▶ [PROBLEM DETAILS]: Please copy out the entries below exactly, beginning with the line that contains "using i len" and ending with the line that contains "qed (simp add: finite_lists_length_eq)", and include nothing outside that span.

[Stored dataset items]
* * * * * * * * *
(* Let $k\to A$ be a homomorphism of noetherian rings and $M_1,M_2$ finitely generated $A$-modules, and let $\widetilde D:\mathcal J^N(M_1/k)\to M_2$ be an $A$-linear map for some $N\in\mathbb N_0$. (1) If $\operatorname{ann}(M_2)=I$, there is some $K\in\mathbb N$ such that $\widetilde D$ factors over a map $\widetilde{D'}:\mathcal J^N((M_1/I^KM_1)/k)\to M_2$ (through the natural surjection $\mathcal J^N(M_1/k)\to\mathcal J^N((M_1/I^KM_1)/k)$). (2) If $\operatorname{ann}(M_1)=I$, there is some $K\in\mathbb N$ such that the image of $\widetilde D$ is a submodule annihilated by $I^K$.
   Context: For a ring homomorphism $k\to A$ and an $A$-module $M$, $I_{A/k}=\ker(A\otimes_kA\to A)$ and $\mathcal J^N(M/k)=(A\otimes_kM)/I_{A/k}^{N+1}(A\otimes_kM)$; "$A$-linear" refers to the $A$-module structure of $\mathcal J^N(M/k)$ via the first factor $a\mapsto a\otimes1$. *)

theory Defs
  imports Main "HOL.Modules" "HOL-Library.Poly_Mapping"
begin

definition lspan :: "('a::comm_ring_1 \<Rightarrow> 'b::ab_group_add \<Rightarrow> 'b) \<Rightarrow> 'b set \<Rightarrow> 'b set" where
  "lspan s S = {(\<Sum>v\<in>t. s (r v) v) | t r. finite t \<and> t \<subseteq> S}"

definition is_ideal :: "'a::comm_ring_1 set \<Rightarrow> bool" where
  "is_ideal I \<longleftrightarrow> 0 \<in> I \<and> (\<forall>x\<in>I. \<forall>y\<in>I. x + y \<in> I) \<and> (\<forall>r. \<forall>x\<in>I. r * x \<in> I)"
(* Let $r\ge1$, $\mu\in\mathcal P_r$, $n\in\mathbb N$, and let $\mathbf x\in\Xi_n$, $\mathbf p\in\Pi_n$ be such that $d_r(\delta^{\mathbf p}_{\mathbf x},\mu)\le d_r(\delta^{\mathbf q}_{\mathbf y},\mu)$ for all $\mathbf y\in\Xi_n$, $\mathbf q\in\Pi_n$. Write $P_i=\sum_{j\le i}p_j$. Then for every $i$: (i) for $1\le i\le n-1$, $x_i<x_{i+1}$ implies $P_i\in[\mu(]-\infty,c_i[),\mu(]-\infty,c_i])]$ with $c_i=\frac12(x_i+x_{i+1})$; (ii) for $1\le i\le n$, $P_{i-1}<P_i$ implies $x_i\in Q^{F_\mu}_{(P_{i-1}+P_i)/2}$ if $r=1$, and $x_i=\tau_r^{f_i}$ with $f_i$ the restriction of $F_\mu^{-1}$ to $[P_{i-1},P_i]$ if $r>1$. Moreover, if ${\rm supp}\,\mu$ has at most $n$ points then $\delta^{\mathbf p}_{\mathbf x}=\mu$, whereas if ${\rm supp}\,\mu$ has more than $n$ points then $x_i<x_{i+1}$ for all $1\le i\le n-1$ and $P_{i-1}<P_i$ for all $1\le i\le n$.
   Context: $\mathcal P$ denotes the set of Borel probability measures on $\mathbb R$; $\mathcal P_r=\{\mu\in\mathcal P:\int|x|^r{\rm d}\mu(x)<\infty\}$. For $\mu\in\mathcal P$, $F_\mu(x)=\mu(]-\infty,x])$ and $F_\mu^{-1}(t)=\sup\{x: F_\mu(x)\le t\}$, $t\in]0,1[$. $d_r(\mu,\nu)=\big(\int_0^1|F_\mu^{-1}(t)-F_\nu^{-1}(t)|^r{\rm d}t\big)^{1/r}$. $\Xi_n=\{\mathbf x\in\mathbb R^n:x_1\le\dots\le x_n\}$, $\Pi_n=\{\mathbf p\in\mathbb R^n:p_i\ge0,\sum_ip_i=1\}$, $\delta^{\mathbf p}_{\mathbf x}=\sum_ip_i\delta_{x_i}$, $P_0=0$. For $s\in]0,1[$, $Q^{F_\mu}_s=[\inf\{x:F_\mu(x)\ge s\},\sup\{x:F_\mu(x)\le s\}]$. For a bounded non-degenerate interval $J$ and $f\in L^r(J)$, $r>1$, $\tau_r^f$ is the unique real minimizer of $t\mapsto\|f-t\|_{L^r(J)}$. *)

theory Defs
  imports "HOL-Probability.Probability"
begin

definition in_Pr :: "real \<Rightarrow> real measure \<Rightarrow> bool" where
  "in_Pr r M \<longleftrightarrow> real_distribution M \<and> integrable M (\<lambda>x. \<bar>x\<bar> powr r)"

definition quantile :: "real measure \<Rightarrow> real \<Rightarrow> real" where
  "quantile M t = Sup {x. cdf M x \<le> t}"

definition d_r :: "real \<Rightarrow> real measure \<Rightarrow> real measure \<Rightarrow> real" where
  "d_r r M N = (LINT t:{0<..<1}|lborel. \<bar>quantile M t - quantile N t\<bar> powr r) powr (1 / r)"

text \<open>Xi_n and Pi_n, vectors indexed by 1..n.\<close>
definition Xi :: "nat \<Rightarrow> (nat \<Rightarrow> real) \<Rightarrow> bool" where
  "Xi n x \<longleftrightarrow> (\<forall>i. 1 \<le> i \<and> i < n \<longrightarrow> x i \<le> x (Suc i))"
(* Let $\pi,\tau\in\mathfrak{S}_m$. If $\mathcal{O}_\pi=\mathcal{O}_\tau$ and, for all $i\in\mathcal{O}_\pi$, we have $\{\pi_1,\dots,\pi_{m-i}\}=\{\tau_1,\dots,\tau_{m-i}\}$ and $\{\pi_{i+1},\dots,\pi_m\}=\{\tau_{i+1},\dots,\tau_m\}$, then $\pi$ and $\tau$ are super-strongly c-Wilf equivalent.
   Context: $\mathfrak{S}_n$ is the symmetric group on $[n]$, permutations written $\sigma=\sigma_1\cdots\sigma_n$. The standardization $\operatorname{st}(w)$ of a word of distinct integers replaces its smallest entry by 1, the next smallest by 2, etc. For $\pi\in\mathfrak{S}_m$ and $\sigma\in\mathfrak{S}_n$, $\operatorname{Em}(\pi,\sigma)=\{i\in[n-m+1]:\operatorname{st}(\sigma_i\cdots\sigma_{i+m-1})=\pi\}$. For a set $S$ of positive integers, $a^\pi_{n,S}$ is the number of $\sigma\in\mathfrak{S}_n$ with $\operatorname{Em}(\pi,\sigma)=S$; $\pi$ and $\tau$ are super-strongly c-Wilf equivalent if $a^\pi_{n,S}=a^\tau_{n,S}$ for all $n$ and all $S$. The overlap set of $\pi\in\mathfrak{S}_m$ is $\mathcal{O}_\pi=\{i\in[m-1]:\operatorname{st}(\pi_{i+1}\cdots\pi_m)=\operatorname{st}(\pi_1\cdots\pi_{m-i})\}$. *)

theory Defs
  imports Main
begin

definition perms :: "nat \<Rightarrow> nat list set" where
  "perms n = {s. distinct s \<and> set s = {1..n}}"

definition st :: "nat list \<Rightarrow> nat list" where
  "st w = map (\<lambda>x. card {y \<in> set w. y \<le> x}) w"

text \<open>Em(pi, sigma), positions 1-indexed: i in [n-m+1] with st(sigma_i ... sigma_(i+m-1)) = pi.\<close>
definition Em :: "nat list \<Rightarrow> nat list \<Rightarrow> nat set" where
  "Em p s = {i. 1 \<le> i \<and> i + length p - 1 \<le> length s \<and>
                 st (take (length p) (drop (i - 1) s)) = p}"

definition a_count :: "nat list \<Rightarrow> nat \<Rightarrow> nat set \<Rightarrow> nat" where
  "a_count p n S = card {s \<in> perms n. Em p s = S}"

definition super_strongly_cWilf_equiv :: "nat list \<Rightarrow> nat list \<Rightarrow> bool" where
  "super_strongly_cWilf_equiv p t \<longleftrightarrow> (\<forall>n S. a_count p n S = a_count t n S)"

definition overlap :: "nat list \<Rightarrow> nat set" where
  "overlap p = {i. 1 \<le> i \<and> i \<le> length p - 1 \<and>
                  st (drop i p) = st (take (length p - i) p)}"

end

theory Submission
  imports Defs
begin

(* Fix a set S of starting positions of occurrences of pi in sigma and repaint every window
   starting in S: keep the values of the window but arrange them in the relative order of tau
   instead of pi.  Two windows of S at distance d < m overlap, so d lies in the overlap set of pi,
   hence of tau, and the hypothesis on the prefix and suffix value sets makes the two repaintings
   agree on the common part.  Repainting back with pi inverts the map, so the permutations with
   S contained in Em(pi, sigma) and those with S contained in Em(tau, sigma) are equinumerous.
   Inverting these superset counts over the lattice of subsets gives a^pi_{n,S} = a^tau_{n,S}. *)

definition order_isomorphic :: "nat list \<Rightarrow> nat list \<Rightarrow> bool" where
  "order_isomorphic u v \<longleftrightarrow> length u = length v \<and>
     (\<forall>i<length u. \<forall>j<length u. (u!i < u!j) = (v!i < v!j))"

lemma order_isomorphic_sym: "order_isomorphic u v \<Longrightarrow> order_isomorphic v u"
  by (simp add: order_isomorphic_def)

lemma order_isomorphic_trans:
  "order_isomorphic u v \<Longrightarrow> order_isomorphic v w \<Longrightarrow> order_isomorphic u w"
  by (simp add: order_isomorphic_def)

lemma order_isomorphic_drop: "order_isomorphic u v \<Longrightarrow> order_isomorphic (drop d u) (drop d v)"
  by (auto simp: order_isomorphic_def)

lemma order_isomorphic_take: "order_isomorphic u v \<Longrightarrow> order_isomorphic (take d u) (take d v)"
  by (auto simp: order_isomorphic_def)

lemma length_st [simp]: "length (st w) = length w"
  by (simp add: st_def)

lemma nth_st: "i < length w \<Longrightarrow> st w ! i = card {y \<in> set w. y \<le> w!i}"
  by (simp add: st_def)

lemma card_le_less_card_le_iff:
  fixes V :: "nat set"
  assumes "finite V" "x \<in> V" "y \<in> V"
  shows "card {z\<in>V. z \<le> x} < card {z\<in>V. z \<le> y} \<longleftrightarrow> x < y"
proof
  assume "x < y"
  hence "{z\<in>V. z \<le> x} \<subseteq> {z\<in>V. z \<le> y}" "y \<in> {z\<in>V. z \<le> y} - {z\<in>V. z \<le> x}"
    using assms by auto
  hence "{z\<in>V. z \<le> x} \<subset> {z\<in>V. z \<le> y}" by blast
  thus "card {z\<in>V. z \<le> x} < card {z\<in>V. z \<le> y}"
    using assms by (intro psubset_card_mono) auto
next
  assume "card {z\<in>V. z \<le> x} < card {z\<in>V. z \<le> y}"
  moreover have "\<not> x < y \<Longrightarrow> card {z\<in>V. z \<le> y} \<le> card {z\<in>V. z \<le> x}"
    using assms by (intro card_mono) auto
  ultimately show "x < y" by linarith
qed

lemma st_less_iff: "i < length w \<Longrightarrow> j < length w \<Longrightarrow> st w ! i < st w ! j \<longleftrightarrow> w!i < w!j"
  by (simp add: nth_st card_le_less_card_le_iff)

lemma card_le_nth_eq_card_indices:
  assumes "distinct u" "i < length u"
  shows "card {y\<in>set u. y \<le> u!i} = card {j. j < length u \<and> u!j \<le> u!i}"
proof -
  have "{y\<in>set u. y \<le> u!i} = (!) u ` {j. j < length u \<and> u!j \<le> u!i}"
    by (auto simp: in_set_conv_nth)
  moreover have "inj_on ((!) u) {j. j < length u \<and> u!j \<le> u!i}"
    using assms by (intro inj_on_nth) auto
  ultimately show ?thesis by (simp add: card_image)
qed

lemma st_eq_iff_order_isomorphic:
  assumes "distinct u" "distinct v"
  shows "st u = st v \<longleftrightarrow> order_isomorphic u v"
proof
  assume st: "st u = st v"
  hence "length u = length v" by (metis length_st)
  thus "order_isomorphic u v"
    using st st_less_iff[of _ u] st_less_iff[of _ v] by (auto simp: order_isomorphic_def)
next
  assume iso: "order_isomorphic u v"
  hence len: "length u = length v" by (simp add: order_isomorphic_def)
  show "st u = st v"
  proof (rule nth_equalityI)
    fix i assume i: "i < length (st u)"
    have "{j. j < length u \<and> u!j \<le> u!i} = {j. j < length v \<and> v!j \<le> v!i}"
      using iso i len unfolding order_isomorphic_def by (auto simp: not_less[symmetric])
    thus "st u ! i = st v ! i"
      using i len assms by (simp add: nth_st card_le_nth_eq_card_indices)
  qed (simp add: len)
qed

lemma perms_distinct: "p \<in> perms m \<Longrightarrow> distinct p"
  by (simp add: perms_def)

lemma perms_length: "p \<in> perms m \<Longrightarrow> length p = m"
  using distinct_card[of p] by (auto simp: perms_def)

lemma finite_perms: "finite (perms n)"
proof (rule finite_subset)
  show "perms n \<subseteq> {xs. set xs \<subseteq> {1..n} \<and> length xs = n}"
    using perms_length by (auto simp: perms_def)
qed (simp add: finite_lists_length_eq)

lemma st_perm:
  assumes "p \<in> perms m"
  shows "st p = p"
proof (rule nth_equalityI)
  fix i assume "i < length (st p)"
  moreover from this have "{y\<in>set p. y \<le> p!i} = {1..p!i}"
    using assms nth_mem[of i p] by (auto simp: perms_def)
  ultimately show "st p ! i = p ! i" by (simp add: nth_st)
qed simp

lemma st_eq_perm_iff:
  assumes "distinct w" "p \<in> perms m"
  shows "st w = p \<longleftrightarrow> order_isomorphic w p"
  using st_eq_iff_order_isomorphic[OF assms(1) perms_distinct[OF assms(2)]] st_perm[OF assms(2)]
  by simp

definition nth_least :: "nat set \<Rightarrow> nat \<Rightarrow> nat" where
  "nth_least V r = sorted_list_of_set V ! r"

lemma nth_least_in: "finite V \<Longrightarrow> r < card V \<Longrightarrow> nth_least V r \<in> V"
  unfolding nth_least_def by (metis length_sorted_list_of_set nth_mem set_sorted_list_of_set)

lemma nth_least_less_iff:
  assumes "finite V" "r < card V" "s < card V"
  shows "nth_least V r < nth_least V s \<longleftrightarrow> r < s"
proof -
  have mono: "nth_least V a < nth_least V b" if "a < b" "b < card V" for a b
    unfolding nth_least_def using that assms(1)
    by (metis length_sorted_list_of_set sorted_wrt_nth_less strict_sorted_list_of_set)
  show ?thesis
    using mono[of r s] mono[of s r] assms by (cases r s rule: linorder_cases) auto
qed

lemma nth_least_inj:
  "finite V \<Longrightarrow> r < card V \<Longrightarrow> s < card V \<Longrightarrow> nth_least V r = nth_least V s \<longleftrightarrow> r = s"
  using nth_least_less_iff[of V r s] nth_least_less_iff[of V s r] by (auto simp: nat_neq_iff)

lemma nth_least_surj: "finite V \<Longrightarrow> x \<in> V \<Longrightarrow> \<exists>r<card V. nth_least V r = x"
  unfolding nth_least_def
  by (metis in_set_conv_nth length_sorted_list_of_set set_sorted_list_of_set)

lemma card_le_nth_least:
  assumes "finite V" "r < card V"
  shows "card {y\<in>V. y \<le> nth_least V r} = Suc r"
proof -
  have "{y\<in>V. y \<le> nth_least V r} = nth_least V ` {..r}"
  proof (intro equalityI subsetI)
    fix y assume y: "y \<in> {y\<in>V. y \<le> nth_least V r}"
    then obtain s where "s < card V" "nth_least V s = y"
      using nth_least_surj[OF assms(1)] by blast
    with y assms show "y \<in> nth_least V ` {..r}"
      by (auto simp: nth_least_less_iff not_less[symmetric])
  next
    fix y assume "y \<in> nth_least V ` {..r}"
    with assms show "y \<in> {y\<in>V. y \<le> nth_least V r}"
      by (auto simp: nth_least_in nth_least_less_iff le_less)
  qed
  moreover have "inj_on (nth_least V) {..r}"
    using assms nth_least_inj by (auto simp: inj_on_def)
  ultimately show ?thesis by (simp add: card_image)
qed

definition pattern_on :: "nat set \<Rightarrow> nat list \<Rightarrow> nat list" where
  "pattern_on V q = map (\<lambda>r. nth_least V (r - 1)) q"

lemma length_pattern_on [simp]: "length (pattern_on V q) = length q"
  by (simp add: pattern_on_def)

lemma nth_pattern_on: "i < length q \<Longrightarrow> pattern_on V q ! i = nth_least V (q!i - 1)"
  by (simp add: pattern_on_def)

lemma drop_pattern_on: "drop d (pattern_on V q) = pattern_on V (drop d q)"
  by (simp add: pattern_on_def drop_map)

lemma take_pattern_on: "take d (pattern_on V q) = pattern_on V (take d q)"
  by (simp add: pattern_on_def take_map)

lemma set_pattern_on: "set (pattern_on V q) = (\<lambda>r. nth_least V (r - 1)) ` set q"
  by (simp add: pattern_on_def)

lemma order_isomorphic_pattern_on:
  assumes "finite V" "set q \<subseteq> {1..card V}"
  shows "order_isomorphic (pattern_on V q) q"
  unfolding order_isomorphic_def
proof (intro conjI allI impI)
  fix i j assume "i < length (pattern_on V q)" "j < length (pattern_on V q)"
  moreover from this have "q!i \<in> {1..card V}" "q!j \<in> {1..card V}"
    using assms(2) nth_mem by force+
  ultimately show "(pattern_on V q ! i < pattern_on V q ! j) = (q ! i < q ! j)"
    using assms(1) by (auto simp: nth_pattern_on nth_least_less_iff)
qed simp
* * * * * * * * *
▶ [ANSWER TO THIS PROBLEM]:
      using i len assms by (simp add: nth_st card_le_nth_eq_card_indices)
  qed (simp add: len)
qed

lemma perms_distinct: "p \<in> perms m \<Longrightarrow> distinct p"
  by (simp add: perms_def)

lemma perms_length: "p \<in> perms m \<Longrightarrow> length p = m"
  using distinct_card[of p] by (auto simp: perms_def)

lemma finite_perms: "finite (perms n)"
proof (rule finite_subset)
  show "perms n \<subseteq> {xs. set xs \<subseteq> {1..n} \<and> length xs = n}"
    using perms_length by (auto simp: perms_def)
qed (simp add: finite_lists_length_eq)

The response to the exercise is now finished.